I get to the trailhead before daybreak, put on my headlamp and set off down the trail. I get to my halfway point in darkness and sit listening to the sound of the creek nearby, still full and fast from recent days of rain. No flooding, and most of the puddles on the trail are gone after a couple of warm Spring afternoons. I hear soft hesitant footsteps, something stirring in the brush. A deer steps out of the trees along the trail and slowly walks past me,  her eyes on me as she passes, then another, and then a third. They step down the trail a ways, before turning and disappearing from view.

I sit awhile with my thoughts. I have a lot to think about. I let the thoughts come and go like clouds, or the turn of an unread page in a book I’ve read many times before, skipping ahead to something better. I am choosing what to spend my time on, and where to put my attention.

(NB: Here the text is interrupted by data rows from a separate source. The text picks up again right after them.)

lemma eel_path_add_stair:
  fixes \<gamma> :: "real \<Rightarrow> real^3"
  assumes sin_bound: "\<And>\<psi>. 0 \<le> \<psi> \<Longrightarrow> 0 \<le> sin \<psi> + \<mu>^2 * \<psi>"
    and lam: "1 / sqrt 5 \<le> lam" and \<delta>: "\<delta> = sqrt ((1 + \<mu>^2) / 5) - \<mu>" "0 < \<delta>"
    and "0 < \<rho>" and far: "\<rho> * (1 + \<delta>) \<le> \<delta> * R" and c: "\<bar>c\<bar> = \<mu> * R"
    and \<Theta>: "0 < \<Theta>" "cos \<Theta> = 1" "sin \<Theta> = 0"
    and P: "eel_path lam \<gamma> v s M" "s \<le> M" and in_Cyl: "\<gamma> ` {s..M} \<subseteq> Cyl \<rho> a b"
    and end_pt: "\<gamma> M = vector [\<rho>, 0, z]" and z: "z \<in> {a..b}" "z + c * \<Theta> \<in> {a..b}"
  shows "\<exists>\<gamma>' v'. eel_path lam \<gamma>' v' s (M + 2) \<and> (\<forall>t\<in>{s..M}. \<gamma>' t = \<gamma> t) \<and>
    \<gamma>' ` {s..M + 2} \<subseteq> Cyl R a b \<and>
    \<gamma>' (M + 1) = vector [R, 0, z] \<and> \<gamma>' (M + 2) = vector [R, 0, z + c * \<Theta>]"
proof -
  have "\<rho> \<le> \<delta> * (R - \<rho>)" using far by (simp add: algebra_simps)
  then have "0 < \<delta> * (R - \<rho>)" using \<open>0 < \<rho>\<close> by linarith
  then have "\<rho> < R" using \<delta>(2) by (simp add: zero_less_mult_iff)
  have "0 \<le> lam" by (rule order_trans[OF _ lam]) simp
  have "x$1 \<le> \<rho>" if "x \<in> \<gamma> ` {s..M}" for x
  proof -
    have "x \<in> Cyl \<rho> a b" using in_Cyl that by blast
    then have "(x$1)^2 \<le> \<rho>^2" unfolding Cyl_def by (smt (verit) mem_Collect_eq zero_le_power2)
    then show ?thesis using \<open>0 < \<rho>\<close> by (auto intro: power2_le_imp_le)
  qed
  then obtain \<gamma>1 v1 where P1: "eel_path lam \<gamma>1 v1 s (M + 1)" and same1: "\<forall>t\<in>{s..M}. \<gamma>1 t = \<gamma> t"
    and image1: "\<gamma>1 ` {s..M + 1} \<subseteq> \<gamma> ` {s..M} \<union> (\<lambda>r. vector [r, 0, z]) ` {\<rho>..R}"
    and end1: "\<gamma>1 (M + 1) = vector [R, 0, z]"
    using eel_path_extend_radially[OF P \<open>0 \<le> lam\<close> \<open>\<rho> < R\<close> _ end_pt] by blast
  have "(\<lambda>r. vector [r, 0, z]) ` {\<rho>..R} \<subseteq> (\<lambda>r. vector [r, 0, z]) ` {0..R}"
    using \<open>0 < \<rho>\<close> by (intro image_mono) auto
  then have visible: "\<gamma>1 ` {s..M + 1} \<subseteq> Cyl \<rho> a b \<union> (\<lambda>r. vector [r, 0, z]) ` {0..R}"
    using image1 in_Cyl by blast
  moreover have "s \<le> M + 1" using \<open>s \<le> M\<close> by simp
  ultimately obtain \<gamma>' v' where P': "eel_path lam \<gamma>' v' s (M + 1 + 1)"
    and same': "\<forall>t\<in>{s..M + 1}. \<gamma>' t = \<gamma>1 t"
    and image': "\<gamma>' ` {s..M + 1 + 1} \<subseteq> \<gamma>1 ` {s..M + 1} \<union> helix R c z ` {0..\<Theta>}"
    and end': "\<gamma>' (M + 1 + 1) = helix R c z \<Theta>"
    using eel_path_extend_helix[OF sin_bound lam \<delta> far less_imp_le[OF \<open>0 < \<rho>\<close>] c
        order_less_trans[OF \<open>0 < \<rho>\<close> \<open>\<rho> < R\<close>] \<Theta>(1) P1 _ _ end1] by blast
  have "\<gamma> ` {s..M} \<subseteq> Cyl R a b"
    using in_Cyl Cyl_mono[of \<rho> R a b] \<open>0 < \<rho>\<close> \<open>\<rho> < R\<close> by auto
  moreover have "(\<lambda>r. vector [r, 0, z]) ` {\<rho>..R} \<subseteq> Cyl R a b"
    using z \<open>0 < \<rho>\<close> by (auto simp: Cyl_def intro!: power_mono)
  moreover have "helix R c z ` {0..\<Theta>} \<subseteq> Cyl R a b"
    using helix_in_Cyl[OF _ _ z] by auto
  ultimately have "(\<gamma> ` {s..M} \<union> (\<lambda>r. vector [r, 0, z]) ` {\<rho>..R}) \<union> helix R c z ` {0..\<Theta>}
      \<subseteq> Cyl R a b"
    by (intro Un_least)
  with image' image1 have "\<gamma>' ` {s..M + 1 + 1} \<subseteq> Cyl R a b"
    by (meson Un_mono order_refl order_trans)
  moreover have "\<gamma>' (M + 1) = vector [R, 0, z]" using same' end1 \<open>s \<le> M\<close> by simp
  ultimately show ?thesis
    using P' same' same1 end' helix_full_turns[OF \<Theta>(2,3)] \<open>s \<le> M\<close>
    by (intro exI[of _ \<gamma>'] exI[of _ v']) (simp add: add.assoc)
qed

I’m eager to get back to painting, if not this weekend, then after the Anxious Adventurer has moved out and I have my space back. The lack of creative work isn’t really about the space, though, it’s the environment. Initially, I was exhausted from caregiving and uninspired. This stopped me painting for about a year. The “emotional environment” became a more profound impediment, fairly quickly. It was an unfortunate harbinger that the living arrangement wasn’t going to work out long-term; I need to be able to paint in my own home. It wasn’t anything deliberate and there was no malicious intention, but there also was no willingness to be aware of the problem nor to address it. So. Here we are.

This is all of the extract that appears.